Take the data below and extract the lines from the one with "theory Submission" to the one with "< (\<Sum>n<Suc k.", inclusive, exactly as written.
[Opening Records for this exercise section]
(*
  If N_X(x) exceeds x/\<mu> + u, then with k = \<lfloor>x/\<mu> + u\<rfloor> + 1 the partial sum S_k is
  still at most x, although its mean k\<mu> exceeds x by more than u\<mu>.  Nonnegative
  variables have a sub-Gaussian lower tail: e^(-y) \<le> 1 - y + y\<^sup>2/2 for y \<ge> 0 gives
  E e^(-tX) \<le> exp(-t\<mu> + t\<^sup>2 E[X\<^sup>2]/2), and Chernoff's bound then yields
  P(S_k \<le> x) \<le> exp(-(k\<mu> - x)\<^sup>2 / (2k E[X\<^sup>2])).  For x \<ge> 1 we have k = O(x), which turns
  this into exp(-c u\<^sup>2/x); for x < 1 the factor C = exp(c \<delta>\<^sup>2) makes the bound exceed 1.
*)

theory Submission
  imports Defs
begin

lemma exp_neg_le_quadratic:
  fixes y :: real
  assumes "0 \<le> y"
  shows "exp (- y) \<le> 1 - y + y\<^sup>2 / 2"
proof -
  define f where "f z = 1 - z + z\<^sup>2 / 2 - exp (- z)" for z :: real
  have f': "(f has_real_derivative (exp (- z) - (1 - z))) (at z)" for z
    unfolding f_def by (auto intro!: derivative_eq_intros simp: power2_eq_square)
  have "f 0 \<le> f y"
    using exp_ge_add_one_self[of "- z" for z] f'
    by (intro DERIV_nonneg_imp_nondecreasing[OF assms]) fastforce
  then show ?thesis
    by (simp add: f_def)
qed

lemma one_le_exp_mult_exp_neg_square_div:
  fixes c x u \<delta> :: real
  assumes "0 \<le> c" "0 \<le> x" "x \<le> 1" "0 \<le> u" "u \<le> \<delta> * x"
  shows "1 \<le> exp (c * \<delta>\<^sup>2) * exp (- c * u\<^sup>2 / x)"
proof -
  have "u\<^sup>2 / x \<le> \<delta>\<^sup>2"
  proof (cases "x = 0")
    case False
    have "u\<^sup>2 \<le> (\<delta> * x)\<^sup>2"
      using assms by (intro power_mono) auto
    then have "u\<^sup>2 / x \<le> \<delta>\<^sup>2 * x"
      using assms False by (simp add: field_simps power2_eq_square)
    also have "\<dots> \<le> \<delta>\<^sup>2"
      using assms by (simp add: mult_left_le)
    finally show ?thesis .
  qed simp
  then have "c * u\<^sup>2 / x \<le> c * \<delta>\<^sup>2"
    using mult_left_mono[of "u\<^sup>2 / x" "\<delta>\<^sup>2" c] \<open>0 \<le> c\<close> by simp
  then show ?thesis
    by (simp add: exp_add[symmetric])
qed

lemma renewal_count_le_if_sum_gt:
  fixes X :: "nat \<Rightarrow> 'a \<Rightarrow> real"
  assumes nonneg: "\<And>n. 0 \<le> X n \<omega>"
    and sum_gt: "x < (\<Sum>n<Suc k. X n \<omega>)"
  shows "renewal_count X x \<omega> \<le> enat k"
  unfolding renewal_count_def
proof (rule SUP_least)
  fix j assume "j \<in> {j. (\<Sum>n<j. X n \<omega>) \<le> x}"
  with sum_gt have "\<not> (\<Sum>n<Suc k. X n \<omega>) \<le> (\<Sum>n<j. X n \<omega>)"
    by simp
  then have "j < Suc k"
    using sum_mono2[of "{..<j}" "{..<Suc k}" "\<lambda>n. X n \<omega>"] nonneg by fastforce
  then show "enat j \<le> enat k"
    by simp
qed

lemma sum_le_if_renewal_excess:
  fixes X :: "nat \<Rightarrow> 'a \<Rightarrow> real"
  assumes nonneg: "\<And>n. 0 \<le> X n \<omega>"
    and "0 \<le> a + u"
    and excess: "ereal u < ereal_of_enat (renewal_count X x \<omega>) - ereal a"
  shows "(\<Sum>n<nat \<lfloor>a + u\<rfloor> + 1. X n \<omega>) \<le> x"
proof (rule ccontr)
  assume "\<not> (\<Sum>n<nat \<lfloor>a + u\<rfloor> + 1. X n \<omega>) \<le> x"
  then have "renewal_count X x \<omega> \<le> enat (nat \<lfloor>a + u\<rfloor>)"
    by (intro renewal_count_le_if_sum_gt) (use nonneg in auto)
  then obtain j where j: "renewal_count X x \<omega> = enat j" "j \<le> nat \<lfloor>a + u\<rfloor>"
    by (cases "renewal_count X x \<omega>") auto
  then have "real j \<le> a + u"
    using \<open>0 \<le> a + u\<close> by linarith
  with excess j(1) show False
    by simp
qed

context prob_space
begin

lemma expectation_exp_neg_le:
  fixes Y :: "'a \<Rightarrow> real"
  assumes [measurable]: "Y \<in> borel_measurable M"
    and nonneg: "\<And>\<omega>. \<omega> \<in> space M \<Longrightarrow> 0 \<le> Y \<omega>"
    and square_integrable: "integrable M (\<lambda>\<omega>. (Y \<omega>)\<^sup>2)"
    and t: "0 \<le> t"
  shows "expectation (\<lambda>\<omega>. exp (- t * Y \<omega>))
           \<le> exp (- t * expectation Y + t\<^sup>2 * expectation (\<lambda>\<omega>. (Y \<omega>)\<^sup>2) / 2)"
proof -
  have Y: "integrable M Y"
    by (rule square_integrable_imp_integrable) (use square_integrable in auto)
  have "expectation (\<lambda>\<omega>. exp (- t * Y \<omega>))
          \<le> expectation (\<lambda>\<omega>. 1 - t * Y \<omega> + t\<^sup>2 / 2 * (Y \<omega>)\<^sup>2)"
  proof (rule integral_mono)
    show "integrable M (\<lambda>\<omega>. exp (- t * Y \<omega>))"
      by (rule integrable_const_bound[where B = 1]) (use t nonneg in auto)
    fix \<omega> assume "\<omega> \<in> space M"
    then show "exp (- t * Y \<omega>) \<le> 1 - t * Y \<omega> + t\<^sup>2 / 2 * (Y \<omega>)\<^sup>2"
      using exp_neg_le_quadratic[of "t * Y \<omega>"] t nonneg by (simp add: power_mult_distrib)
  qed (use Y square_integrable in auto)
  also have "\<dots> = 1 + (- t * expectation Y + t\<^sup>2 * expectation (\<lambda>\<omega>. (Y \<omega>)\<^sup>2) / 2)"
    using Y square_integrable by (simp add: prob_space)
  also have "\<dots> \<le> exp (- t * expectation Y + t\<^sup>2 * expectation (\<lambda>\<omega>. (Y \<omega>)\<^sup>2) / 2)"
    by (rule exp_ge_add_one_self)
  finally show ?thesis .
qed

lemma expectation_exp_neg_sum_iid:
  fixes X :: "nat \<Rightarrow> 'a \<Rightarrow> real"
  assumes [measurable]: "\<And>n. X n \<in> borel_measurable M"
    and indep: "indep_vars (\<lambda>_. borel) X {..<k}"
    and ident: "\<And>n. n < k \<Longrightarrow> distr M borel (X n) = distr M borel (X 0)"
    and nonneg: "\<And>n \<omega>. \<omega> \<in> space M \<Longrightarrow> 0 \<le> X n \<omega>"
    and t: "0 \<le> t"
  shows "expectation (\<lambda>\<omega>. exp (- t * (\<Sum>n<k. X n \<omega>)))
           = expectation (\<lambda>\<omega>. exp (- t * X 0 \<omega>)) ^ k"
proof -
  have bounded: "integrable M (\<lambda>\<omega>. exp (- t * X n \<omega>))" for n
    by (rule integrable_const_bound[where B = 1]) (use t nonneg in auto)
  have indep_exp: "indep_vars (\<lambda>_. borel) (\<lambda>n \<omega>. exp (- t * X n \<omega>)) {..<k}"
    by (rule indep_vars_compose2[OF indep]) auto
  have same_mean: "expectation (\<lambda>\<omega>. exp (- t * X n \<omega>)) = expectation (\<lambda>\<omega>. exp (- t * X 0 \<omega>))"
    if "n < k" for n
  proof -
    have "expectation (\<lambda>\<omega>. exp (- t * X n \<omega>)) = integral\<^sup>L (distr M borel (X n)) (\<lambda>y. exp (- t * y))"
      by (subst integral_distr) auto
    also have "\<dots> = integral\<^sup>L (distr M borel (X 0)) (\<lambda>y. exp (- t * y))"
      using ident[OF that] by simp
    also have "\<dots> = expectation (\<lambda>\<omega>. exp (- t * X 0 \<omega>))"
      by (subst integral_distr) auto
    finally show ?thesis .
  qed
  have "expectation (\<lambda>\<omega>. exp (- t * (\<Sum>n<k. X n \<omega>)))
          = expectation (\<lambda>\<omega>. \<Prod>n<k. exp (- t * X n \<omega>))"
    by (simp add: exp_sum[symmetric] sum_distrib_left)
  also have "\<dots> = (\<Prod>n<k. expectation (\<lambda>\<omega>. exp (- t * X n \<omega>)))"
    by (rule indep_vars_lebesgue_integral[OF finite_lessThan indep_exp bounded])
  also have "\<dots> = (\<Prod>n<k. expectation (\<lambda>\<omega>. exp (- t * X 0 \<omega>)))"
    by (intro prod.cong refl same_mean) simp
  also have "\<dots> = expectation (\<lambda>\<omega>. exp (- t * X 0 \<omega>)) ^ k"
    by simp
  finally show ?thesis .
qed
[Closing Records for this exercise section]
Reply to the task:
theory Submission
  imports Defs
begin

lemma exp_neg_le_quadratic:
  fixes y :: real
  assumes "0 \<le> y"
  shows "exp (- y) \<le> 1 - y + y\<^sup>2 / 2"
proof -
  define f where "f z = 1 - z + z\<^sup>2 / 2 - exp (- z)" for z :: real
  have f': "(f has_real_derivative (exp (- z) - (1 - z))) (at z)" for z
    unfolding f_def by (auto intro!: derivative_eq_intros simp: power2_eq_square)
  have "f 0 \<le> f y"
    using exp_ge_add_one_self[of "- z" for z] f'
    by (intro DERIV_nonneg_imp_nondecreasing[OF assms]) fastforce
  then show ?thesis
    by (simp add: f_def)
qed

lemma one_le_exp_mult_exp_neg_square_div:
  fixes c x u \<delta> :: real
  assumes "0 \<le> c" "0 \<le> x" "x \<le> 1" "0 \<le> u" "u \<le> \<delta> * x"
  shows "1 \<le> exp (c * \<delta>\<^sup>2) * exp (- c * u\<^sup>2 / x)"
proof -
  have "u\<^sup>2 / x \<le> \<delta>\<^sup>2"
  proof (cases "x = 0")
    case False
    have "u\<^sup>2 \<le> (\<delta> * x)\<^sup>2"
      using assms by (intro power_mono) auto
    then have "u\<^sup>2 / x \<le> \<delta>\<^sup>2 * x"
      using assms False by (simp add: field_simps power2_eq_square)
    also have "\<dots> \<le> \<delta>\<^sup>2"
      using assms by (simp add: mult_left_le)
    finally show ?thesis .
  qed simp
  then have "c * u\<^sup>2 / x \<le> c * \<delta>\<^sup>2"
    using mult_left_mono[of "u\<^sup>2 / x" "\<delta>\<^sup>2" c] \<open>0 \<le> c\<close> by simp
  then show ?thesis
    by (simp add: exp_add[symmetric])
qed

lemma renewal_count_le_if_sum_gt:
  fixes X :: "nat \<Rightarrow> 'a \<Rightarrow> real"
  assumes nonneg: "\<And>n. 0 \<le> X n \<omega>"
    and sum_gt: "x < (\<Sum>n<Suc k. X n \<omega>)"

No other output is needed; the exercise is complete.